How to complete this task: The answer must consist only of the lines from the line with "(* Write f z" to the line with "z) = (\<Sum>i<n.", both included, exactly as they stand below.

[Source data Boundary: Start]

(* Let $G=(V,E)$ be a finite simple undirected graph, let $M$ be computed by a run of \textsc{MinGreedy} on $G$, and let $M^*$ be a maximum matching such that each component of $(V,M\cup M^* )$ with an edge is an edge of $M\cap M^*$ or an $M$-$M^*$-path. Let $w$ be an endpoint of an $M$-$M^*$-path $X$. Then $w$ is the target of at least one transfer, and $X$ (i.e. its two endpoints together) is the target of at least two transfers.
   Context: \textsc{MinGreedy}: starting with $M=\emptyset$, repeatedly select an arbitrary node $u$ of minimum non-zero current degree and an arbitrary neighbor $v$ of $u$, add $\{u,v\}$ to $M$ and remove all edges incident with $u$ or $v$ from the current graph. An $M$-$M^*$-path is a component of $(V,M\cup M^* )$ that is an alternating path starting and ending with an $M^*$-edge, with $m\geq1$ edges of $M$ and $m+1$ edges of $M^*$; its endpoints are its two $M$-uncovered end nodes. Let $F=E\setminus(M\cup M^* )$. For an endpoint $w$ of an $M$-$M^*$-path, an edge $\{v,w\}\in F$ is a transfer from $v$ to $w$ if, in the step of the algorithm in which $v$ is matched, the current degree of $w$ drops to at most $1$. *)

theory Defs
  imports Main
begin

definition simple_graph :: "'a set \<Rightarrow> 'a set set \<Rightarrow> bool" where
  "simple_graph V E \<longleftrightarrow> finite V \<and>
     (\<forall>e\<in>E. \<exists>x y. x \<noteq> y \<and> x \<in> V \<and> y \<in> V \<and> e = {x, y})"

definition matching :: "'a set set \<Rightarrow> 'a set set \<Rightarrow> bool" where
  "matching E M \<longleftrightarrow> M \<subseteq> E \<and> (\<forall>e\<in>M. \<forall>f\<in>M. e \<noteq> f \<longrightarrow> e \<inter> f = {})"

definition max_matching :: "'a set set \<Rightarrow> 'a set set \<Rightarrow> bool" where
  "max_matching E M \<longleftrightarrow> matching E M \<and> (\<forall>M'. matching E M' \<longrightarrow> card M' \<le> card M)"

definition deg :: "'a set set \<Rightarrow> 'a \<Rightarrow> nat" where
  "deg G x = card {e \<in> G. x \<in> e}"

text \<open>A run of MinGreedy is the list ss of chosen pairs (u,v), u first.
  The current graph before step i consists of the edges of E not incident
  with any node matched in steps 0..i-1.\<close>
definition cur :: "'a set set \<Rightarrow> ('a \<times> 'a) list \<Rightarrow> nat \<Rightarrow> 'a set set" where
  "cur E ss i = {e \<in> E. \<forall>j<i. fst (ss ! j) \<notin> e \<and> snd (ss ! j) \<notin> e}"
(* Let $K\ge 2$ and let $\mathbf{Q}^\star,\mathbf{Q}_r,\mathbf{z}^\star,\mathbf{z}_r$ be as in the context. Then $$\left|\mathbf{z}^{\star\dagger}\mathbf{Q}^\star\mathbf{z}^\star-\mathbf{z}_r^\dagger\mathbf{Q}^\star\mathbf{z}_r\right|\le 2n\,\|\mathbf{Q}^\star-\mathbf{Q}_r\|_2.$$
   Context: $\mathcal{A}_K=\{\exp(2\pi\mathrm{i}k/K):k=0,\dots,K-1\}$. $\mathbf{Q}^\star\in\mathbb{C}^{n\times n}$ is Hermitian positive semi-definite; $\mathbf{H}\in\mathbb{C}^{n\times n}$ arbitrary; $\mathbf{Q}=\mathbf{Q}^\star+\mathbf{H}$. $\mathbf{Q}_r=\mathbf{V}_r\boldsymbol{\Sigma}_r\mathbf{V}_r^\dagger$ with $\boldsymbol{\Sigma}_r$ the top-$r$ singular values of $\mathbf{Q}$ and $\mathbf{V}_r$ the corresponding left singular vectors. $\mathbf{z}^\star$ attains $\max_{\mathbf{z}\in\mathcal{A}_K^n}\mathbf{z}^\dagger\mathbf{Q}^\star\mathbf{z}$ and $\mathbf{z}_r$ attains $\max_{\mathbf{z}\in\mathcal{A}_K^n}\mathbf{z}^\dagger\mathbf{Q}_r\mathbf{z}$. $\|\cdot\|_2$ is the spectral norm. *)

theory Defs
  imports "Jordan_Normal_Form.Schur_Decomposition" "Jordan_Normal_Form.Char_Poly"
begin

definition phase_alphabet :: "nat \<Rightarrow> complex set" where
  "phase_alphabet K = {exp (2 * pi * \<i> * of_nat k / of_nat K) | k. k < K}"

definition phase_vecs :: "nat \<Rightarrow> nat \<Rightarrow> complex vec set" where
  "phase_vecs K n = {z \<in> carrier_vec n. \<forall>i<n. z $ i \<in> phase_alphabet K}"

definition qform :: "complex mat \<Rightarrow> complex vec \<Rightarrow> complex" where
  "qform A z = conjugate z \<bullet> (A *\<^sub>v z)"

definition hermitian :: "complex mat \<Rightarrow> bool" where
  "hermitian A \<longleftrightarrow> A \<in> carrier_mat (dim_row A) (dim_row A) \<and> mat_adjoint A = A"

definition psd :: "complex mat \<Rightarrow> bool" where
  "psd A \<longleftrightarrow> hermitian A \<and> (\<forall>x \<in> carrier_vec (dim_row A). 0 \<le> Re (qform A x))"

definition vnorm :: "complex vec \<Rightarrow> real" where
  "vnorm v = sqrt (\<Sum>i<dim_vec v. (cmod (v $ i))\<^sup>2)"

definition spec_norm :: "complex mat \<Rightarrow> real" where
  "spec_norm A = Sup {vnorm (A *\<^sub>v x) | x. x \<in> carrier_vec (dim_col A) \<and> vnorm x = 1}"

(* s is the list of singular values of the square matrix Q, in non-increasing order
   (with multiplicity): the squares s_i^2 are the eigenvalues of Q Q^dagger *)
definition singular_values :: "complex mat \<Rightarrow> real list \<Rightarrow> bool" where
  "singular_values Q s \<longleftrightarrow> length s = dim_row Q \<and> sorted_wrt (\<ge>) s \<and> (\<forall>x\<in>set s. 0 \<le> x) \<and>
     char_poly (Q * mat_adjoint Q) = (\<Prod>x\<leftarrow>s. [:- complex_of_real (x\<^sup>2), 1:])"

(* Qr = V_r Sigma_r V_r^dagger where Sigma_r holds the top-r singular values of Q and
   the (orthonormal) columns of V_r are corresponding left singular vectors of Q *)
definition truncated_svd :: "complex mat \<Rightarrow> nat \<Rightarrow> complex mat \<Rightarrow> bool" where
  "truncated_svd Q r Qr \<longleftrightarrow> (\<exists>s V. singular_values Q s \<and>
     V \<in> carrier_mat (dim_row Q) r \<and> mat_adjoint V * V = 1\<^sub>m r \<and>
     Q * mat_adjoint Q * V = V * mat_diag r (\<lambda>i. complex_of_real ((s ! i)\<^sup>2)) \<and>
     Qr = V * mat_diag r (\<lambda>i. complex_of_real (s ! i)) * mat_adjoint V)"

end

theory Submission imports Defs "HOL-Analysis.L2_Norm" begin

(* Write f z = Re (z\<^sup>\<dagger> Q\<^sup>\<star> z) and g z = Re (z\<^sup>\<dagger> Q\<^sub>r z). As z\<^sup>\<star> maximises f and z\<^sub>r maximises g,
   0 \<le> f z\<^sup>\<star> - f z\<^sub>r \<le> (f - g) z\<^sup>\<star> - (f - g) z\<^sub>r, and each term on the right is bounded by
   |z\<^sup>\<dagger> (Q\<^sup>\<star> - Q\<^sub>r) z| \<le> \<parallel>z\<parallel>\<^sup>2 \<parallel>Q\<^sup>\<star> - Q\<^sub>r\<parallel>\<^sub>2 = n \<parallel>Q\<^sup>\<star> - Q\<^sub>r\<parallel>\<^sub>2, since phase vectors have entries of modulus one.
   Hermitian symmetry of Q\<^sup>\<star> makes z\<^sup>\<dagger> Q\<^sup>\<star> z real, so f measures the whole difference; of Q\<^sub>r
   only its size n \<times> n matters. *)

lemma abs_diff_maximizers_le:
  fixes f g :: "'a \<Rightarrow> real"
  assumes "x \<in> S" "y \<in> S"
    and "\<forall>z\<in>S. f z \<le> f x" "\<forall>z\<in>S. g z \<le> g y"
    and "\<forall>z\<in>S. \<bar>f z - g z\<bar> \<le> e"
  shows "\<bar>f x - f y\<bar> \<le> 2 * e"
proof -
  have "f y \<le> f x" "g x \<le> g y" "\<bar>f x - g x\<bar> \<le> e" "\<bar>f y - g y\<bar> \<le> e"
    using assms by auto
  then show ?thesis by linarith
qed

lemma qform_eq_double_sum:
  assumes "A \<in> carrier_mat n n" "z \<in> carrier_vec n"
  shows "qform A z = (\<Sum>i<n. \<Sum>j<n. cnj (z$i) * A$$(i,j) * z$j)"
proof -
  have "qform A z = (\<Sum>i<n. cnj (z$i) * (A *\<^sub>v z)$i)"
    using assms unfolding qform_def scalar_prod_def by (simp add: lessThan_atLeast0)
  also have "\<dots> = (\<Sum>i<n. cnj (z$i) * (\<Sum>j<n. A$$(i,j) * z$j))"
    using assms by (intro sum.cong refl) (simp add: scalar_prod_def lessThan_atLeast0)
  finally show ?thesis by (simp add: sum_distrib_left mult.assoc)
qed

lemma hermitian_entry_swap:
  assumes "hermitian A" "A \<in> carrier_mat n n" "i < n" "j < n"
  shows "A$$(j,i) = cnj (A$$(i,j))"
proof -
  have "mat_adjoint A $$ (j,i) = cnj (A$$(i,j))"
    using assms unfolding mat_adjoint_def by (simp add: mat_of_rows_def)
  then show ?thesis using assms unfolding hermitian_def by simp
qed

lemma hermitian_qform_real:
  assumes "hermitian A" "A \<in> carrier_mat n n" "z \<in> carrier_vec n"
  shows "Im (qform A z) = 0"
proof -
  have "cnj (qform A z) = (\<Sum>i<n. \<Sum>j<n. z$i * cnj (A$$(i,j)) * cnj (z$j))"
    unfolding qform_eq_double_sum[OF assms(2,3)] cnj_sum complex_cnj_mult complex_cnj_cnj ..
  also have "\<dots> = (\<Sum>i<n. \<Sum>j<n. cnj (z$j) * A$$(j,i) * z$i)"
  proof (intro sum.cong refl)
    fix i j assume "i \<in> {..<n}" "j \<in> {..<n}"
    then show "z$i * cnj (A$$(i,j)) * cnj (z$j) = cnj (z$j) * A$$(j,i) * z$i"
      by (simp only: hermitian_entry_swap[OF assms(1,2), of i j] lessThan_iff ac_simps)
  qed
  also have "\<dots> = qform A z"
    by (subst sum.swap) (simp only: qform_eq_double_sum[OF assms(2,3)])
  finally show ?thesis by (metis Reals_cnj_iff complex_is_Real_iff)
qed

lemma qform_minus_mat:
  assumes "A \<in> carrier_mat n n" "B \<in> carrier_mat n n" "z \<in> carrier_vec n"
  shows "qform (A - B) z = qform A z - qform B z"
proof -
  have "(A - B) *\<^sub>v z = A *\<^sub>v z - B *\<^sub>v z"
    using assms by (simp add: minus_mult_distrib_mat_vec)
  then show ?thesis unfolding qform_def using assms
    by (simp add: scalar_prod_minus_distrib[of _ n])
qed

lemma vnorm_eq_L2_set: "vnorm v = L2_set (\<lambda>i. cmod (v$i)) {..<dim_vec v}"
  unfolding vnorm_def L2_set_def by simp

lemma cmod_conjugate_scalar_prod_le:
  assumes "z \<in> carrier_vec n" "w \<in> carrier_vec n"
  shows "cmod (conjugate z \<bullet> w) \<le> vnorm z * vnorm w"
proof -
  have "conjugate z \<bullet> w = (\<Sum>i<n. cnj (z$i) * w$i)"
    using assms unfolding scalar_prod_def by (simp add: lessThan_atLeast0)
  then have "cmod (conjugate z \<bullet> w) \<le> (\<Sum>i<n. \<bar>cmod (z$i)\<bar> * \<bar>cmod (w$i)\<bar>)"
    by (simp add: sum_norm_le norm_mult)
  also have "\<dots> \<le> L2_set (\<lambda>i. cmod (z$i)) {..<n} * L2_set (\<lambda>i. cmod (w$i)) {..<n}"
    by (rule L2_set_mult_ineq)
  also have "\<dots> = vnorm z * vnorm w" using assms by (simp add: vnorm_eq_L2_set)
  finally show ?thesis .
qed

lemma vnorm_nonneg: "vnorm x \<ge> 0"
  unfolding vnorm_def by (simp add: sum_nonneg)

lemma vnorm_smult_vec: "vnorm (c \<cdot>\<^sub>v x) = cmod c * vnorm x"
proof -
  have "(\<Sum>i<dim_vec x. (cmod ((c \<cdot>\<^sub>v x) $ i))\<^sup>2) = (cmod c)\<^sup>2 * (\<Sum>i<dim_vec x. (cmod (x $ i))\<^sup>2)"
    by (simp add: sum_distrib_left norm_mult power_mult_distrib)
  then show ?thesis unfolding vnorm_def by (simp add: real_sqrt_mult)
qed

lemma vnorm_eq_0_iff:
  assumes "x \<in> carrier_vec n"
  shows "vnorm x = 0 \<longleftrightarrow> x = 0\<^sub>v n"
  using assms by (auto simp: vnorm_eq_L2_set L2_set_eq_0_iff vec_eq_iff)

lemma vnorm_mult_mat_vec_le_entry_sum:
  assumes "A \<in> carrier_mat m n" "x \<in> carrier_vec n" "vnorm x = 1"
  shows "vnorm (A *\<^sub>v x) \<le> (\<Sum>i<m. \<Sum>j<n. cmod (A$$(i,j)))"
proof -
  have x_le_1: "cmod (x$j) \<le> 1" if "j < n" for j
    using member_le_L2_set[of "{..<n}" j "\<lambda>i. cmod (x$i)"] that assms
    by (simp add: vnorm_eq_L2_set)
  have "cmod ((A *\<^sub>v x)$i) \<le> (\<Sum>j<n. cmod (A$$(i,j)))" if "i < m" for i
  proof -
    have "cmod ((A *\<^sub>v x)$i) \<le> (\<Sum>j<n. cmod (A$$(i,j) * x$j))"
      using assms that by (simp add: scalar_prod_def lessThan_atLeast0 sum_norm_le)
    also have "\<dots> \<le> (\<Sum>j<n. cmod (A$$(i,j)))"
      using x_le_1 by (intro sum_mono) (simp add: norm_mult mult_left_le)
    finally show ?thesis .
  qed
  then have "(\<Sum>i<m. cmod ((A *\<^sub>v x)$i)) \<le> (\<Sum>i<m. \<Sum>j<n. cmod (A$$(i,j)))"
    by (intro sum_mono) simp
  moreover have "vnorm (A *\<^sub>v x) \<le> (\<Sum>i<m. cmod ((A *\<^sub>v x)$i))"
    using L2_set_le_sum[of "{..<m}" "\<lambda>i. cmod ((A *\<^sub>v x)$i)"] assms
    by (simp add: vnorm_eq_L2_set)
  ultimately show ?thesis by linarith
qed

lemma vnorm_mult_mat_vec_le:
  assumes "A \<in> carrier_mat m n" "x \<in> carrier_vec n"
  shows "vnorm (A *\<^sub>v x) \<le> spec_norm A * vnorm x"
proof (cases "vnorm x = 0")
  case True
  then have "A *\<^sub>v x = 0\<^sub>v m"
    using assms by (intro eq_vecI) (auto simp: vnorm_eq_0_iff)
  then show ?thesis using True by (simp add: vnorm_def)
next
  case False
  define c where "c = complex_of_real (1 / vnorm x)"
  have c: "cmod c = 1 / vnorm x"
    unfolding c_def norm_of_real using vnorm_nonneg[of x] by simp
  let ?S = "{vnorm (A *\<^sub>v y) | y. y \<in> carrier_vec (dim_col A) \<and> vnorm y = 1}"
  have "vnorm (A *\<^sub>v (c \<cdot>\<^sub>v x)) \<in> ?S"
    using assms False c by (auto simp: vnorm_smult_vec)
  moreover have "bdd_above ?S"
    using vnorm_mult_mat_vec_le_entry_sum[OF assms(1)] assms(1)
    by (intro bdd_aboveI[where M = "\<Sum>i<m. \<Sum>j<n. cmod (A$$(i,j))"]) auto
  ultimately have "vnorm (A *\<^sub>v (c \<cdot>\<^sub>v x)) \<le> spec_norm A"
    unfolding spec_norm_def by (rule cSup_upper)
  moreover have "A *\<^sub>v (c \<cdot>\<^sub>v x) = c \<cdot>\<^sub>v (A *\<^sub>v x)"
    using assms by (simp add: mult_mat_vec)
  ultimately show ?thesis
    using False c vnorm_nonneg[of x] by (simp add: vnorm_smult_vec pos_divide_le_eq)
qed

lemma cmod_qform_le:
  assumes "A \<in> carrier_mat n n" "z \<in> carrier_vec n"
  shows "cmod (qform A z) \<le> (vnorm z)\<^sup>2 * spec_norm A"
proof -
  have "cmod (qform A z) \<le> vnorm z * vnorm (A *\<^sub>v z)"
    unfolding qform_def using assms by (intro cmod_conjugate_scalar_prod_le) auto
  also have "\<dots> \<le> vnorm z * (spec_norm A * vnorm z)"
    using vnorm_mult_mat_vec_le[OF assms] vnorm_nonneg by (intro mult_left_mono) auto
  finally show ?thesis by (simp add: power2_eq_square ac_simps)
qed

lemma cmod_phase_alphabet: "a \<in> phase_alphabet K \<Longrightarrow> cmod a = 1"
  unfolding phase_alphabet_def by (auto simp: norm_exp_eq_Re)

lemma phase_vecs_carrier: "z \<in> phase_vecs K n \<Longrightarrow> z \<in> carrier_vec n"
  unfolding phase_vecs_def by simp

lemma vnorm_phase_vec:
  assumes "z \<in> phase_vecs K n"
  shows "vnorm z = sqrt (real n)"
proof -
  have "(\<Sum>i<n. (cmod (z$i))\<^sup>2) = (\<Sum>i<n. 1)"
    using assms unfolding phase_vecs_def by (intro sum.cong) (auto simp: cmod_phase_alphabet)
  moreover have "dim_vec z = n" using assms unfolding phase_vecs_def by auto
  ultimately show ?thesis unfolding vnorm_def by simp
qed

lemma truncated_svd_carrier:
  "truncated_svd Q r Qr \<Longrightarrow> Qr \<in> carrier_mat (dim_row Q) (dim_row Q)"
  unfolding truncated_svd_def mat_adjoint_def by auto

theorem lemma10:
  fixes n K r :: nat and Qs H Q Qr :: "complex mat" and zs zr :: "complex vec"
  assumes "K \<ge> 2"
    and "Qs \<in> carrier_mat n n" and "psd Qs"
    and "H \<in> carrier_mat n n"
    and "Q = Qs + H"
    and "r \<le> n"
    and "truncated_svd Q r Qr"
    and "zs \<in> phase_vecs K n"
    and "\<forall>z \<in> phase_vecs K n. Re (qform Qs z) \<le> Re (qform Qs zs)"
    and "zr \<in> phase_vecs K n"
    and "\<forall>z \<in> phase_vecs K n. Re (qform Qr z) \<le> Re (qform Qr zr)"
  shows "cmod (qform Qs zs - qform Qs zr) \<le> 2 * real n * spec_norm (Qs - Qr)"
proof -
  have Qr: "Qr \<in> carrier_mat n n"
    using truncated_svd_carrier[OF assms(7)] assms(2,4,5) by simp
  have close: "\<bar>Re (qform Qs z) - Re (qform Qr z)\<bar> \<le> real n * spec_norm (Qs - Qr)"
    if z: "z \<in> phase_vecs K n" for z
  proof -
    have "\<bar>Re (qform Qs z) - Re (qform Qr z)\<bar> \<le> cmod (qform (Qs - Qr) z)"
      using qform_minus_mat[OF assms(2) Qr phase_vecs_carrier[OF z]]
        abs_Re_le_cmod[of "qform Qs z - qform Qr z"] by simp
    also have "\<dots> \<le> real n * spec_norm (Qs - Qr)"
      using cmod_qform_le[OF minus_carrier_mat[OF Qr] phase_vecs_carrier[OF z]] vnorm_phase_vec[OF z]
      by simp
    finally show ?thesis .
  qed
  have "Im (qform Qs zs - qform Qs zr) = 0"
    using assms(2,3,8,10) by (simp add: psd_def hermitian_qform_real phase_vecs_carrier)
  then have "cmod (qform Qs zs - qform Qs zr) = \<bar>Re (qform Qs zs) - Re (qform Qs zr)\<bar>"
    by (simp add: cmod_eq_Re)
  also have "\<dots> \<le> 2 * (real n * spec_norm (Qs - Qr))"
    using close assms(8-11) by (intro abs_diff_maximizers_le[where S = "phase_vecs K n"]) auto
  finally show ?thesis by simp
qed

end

[Source data Boundary: End]

Exercise response:
(* Write f z = Re (z\<^sup>\<dagger> Q\<^sup>\<star> z) and g z = Re (z\<^sup>\<dagger> Q\<^sub>r z). As z\<^sup>\<star> maximises f and z\<^sub>r maximises g,
   0 \<le> f z\<^sup>\<star> - f z\<^sub>r \<le> (f - g) z\<^sup>\<star> - (f - g) z\<^sub>r, and each term on the right is bounded by
   |z\<^sup>\<dagger> (Q\<^sup>\<star> - Q\<^sub>r) z| \<le> \<parallel>z\<parallel>\<^sup>2 \<parallel>Q\<^sup>\<star> - Q\<^sub>r\<parallel>\<^sub>2 = n \<parallel>Q\<^sup>\<star> - Q\<^sub>r\<parallel>\<^sub>2, since phase vectors have entries of modulus one.
   Hermitian symmetry of Q\<^sup>\<star> makes z\<^sup>\<dagger> Q\<^sup>\<star> z real, so f measures the whole difference; of Q\<^sub>r
   only its size n \<times> n matters. *)

lemma abs_diff_maximizers_le:
  fixes f g :: "'a \<Rightarrow> real"
  assumes "x \<in> S" "y \<in> S"
    and "\<forall>z\<in>S. f z \<le> f x" "\<forall>z\<in>S. g z \<le> g y"
    and "\<forall>z\<in>S. \<bar>f z - g z\<bar> \<le> e"
  shows "\<bar>f x - f y\<bar> \<le> 2 * e"
proof -
  have "f y \<le> f x" "g x \<le> g y" "\<bar>f x - g x\<bar> \<le> e" "\<bar>f y - g y\<bar> \<le> e"
    using assms by auto
  then show ?thesis by linarith
qed

lemma qform_eq_double_sum:
  assumes "A \<in> carrier_mat n n" "z \<in> carrier_vec n"
  shows "qform A z = (\<Sum>i<n. \<Sum>j<n. cnj (z$i) * A$$(i,j) * z$j)"
proof -
  have "qform A z = (\<Sum>i<n. cnj (z$i) * (A *\<^sub>v z)$i)"
    using assms unfolding qform_def scalar_prod_def by (simp add: lessThan_atLeast0)
  also have "\<dots> = (\<Sum>i<n. cnj (z$i) * (\<Sum>j<n. A$$(i,j) * z$j))"
    using assms by (intro sum.cong refl) (simp add: scalar_prod_def lessThan_atLeast0)
  finally show ?thesis by (simp add: sum_distrib_left mult.assoc)
qed

lemma hermitian_entry_swap:
  assumes "hermitian A" "A \<in> carrier_mat n n" "i < n" "j < n"
  shows "A$$(j,i) = cnj (A$$(i,j))"
proof -
  have "mat_adjoint A $$ (j,i) = cnj (A$$(i,j))"
    using assms unfolding mat_adjoint_def by (simp add: mat_of_rows_def)
  then show ?thesis using assms unfolding hermitian_def by simp
qed

lemma hermitian_qform_real:
  assumes "hermitian A" "A \<in> carrier_mat n n" "z \<in> carrier_vec n"
  shows "Im (qform A z) = 0"
proof -
  have "cnj (qform A z) = (\<Sum>i<n. \<Sum>j<n. z$i * cnj (A$$(i,j)) * cnj (z$j))"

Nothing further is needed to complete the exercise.